§ **Work instruction**
Write out the entries below exactly, from the first line to the one with "(* Write g for", both ends included.

Data section section start

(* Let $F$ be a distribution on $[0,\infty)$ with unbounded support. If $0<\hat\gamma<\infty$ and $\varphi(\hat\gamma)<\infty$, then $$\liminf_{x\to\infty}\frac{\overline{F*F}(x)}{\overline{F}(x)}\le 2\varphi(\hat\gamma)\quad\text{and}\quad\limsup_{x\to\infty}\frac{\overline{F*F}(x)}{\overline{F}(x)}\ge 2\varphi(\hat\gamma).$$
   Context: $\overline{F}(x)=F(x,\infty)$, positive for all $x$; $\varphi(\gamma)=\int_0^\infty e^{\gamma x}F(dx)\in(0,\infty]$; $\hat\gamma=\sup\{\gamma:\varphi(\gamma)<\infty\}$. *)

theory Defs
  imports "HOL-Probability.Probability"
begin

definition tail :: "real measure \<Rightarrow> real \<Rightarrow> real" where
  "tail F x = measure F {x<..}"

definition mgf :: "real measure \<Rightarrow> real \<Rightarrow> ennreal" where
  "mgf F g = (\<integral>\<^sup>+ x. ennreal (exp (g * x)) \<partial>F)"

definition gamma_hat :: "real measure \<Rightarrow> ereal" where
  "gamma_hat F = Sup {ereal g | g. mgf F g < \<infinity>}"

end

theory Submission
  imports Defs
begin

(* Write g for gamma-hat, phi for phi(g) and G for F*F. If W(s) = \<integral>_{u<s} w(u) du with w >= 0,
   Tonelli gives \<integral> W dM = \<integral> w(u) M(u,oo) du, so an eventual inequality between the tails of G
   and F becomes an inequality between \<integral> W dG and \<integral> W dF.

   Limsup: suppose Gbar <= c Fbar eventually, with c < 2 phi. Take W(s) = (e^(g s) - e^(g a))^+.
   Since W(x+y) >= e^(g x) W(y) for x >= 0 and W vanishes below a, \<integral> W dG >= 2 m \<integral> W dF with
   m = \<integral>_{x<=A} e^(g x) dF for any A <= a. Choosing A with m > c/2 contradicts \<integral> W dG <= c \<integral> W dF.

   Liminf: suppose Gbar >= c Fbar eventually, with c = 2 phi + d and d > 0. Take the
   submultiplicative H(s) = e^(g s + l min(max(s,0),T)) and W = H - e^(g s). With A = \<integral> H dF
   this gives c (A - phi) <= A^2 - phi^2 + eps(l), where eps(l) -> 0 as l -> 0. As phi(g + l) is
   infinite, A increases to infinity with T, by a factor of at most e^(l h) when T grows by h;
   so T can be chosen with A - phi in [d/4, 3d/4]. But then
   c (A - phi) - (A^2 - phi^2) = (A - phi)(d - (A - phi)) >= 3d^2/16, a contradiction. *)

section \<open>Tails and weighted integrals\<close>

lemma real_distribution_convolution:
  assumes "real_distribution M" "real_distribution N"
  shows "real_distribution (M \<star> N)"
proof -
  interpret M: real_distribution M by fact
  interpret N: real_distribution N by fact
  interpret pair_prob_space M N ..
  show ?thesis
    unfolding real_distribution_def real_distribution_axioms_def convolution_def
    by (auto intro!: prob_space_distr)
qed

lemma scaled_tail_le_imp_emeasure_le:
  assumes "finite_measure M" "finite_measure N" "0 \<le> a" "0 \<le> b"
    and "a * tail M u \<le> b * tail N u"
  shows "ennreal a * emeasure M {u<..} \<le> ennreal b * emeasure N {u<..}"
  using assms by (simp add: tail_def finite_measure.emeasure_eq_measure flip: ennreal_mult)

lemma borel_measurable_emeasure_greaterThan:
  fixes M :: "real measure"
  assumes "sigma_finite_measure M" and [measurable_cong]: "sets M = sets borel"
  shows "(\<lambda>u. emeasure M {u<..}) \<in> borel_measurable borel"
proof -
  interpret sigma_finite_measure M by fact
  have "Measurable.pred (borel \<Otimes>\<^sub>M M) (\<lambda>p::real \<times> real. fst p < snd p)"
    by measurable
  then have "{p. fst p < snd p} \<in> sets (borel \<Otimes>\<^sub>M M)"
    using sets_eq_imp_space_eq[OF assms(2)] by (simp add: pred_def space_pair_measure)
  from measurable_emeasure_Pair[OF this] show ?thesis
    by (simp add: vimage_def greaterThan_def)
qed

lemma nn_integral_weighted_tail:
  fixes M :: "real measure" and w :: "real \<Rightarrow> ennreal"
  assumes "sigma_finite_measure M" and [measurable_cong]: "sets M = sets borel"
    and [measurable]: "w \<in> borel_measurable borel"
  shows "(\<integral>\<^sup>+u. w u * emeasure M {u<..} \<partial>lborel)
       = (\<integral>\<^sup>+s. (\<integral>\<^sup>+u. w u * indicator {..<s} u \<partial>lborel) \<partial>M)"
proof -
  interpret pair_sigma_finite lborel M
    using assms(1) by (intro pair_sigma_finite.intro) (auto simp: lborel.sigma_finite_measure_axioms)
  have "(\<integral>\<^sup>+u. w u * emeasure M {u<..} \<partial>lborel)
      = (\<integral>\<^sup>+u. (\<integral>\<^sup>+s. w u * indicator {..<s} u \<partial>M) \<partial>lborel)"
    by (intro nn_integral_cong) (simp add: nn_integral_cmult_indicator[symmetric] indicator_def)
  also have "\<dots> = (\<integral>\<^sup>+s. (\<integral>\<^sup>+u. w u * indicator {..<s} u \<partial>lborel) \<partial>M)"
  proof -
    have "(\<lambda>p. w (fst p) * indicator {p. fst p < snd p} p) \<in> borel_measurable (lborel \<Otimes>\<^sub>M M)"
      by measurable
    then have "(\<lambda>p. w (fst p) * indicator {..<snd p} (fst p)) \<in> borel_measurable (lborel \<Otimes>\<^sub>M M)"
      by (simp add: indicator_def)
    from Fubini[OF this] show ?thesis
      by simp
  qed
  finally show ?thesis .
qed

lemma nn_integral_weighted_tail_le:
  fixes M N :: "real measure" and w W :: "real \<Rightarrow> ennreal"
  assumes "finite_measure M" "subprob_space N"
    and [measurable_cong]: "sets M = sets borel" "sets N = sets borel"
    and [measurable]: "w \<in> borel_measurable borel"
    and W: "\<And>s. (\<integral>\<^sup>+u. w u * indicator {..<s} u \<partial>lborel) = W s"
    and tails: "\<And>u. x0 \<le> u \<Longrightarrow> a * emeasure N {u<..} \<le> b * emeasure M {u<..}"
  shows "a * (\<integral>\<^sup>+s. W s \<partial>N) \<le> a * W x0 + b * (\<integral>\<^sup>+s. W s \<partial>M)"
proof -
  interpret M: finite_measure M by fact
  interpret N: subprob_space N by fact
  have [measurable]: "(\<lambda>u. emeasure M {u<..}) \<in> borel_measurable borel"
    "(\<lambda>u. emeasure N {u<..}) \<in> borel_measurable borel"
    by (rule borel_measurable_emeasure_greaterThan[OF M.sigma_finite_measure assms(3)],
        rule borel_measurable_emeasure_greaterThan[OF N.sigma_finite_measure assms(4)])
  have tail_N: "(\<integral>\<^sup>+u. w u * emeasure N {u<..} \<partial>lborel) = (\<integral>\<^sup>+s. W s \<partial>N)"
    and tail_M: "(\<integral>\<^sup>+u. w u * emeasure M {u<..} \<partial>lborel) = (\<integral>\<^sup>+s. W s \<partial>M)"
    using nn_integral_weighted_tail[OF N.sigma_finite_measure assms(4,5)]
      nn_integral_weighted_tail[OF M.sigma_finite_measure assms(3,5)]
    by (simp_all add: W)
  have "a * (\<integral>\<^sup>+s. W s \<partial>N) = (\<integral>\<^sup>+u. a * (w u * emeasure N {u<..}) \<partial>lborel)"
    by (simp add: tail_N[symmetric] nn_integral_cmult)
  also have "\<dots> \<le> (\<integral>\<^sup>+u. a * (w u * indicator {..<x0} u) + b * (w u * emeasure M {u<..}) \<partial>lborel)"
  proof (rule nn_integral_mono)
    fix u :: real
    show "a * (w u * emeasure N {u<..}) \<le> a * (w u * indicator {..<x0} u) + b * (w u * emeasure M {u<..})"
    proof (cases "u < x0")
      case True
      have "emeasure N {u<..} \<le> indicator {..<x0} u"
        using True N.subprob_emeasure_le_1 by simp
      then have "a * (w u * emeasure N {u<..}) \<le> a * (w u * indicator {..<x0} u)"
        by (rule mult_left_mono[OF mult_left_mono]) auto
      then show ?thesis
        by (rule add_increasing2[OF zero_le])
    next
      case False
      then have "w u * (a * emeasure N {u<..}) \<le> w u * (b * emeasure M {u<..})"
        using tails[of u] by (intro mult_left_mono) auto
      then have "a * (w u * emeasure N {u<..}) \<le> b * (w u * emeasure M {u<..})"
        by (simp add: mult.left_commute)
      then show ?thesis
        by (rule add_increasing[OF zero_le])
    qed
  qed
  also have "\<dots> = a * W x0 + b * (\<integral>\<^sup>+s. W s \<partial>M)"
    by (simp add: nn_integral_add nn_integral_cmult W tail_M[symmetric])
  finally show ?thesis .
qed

Data section section end

§ **Answer space**
(* Let $F$ be a distribution on $[0,\infty)$ with unbounded support. If $0<\hat\gamma<\infty$ and $\varphi(\hat\gamma)<\infty$, then $$\liminf_{x\to\infty}\frac{\overline{F*F}(x)}{\overline{F}(x)}\le 2\varphi(\hat\gamma)\quad\text{and}\quad\limsup_{x\to\infty}\frac{\overline{F*F}(x)}{\overline{F}(x)}\ge 2\varphi(\hat\gamma).$$
   Context: $\overline{F}(x)=F(x,\infty)$, positive for all $x$; $\varphi(\gamma)=\int_0^\infty e^{\gamma x}F(dx)\in(0,\infty]$; $\hat\gamma=\sup\{\gamma:\varphi(\gamma)<\infty\}$. *)

theory Defs
  imports "HOL-Probability.Probability"
begin

definition tail :: "real measure \<Rightarrow> real \<Rightarrow> real" where
  "tail F x = measure F {x<..}"

definition mgf :: "real measure \<Rightarrow> real \<Rightarrow> ennreal" where
  "mgf F g = (\<integral>\<^sup>+ x. ennreal (exp (g * x)) \<partial>F)"

definition gamma_hat :: "real measure \<Rightarrow> ereal" where
  "gamma_hat F = Sup {ereal g | g. mgf F g < \<infinity>}"

end

theory Submission
  imports Defs
begin

(* Write g for gamma-hat, phi for phi(g) and G for F*F. If W(s) = \<integral>_{u<s} w(u) du with w >= 0,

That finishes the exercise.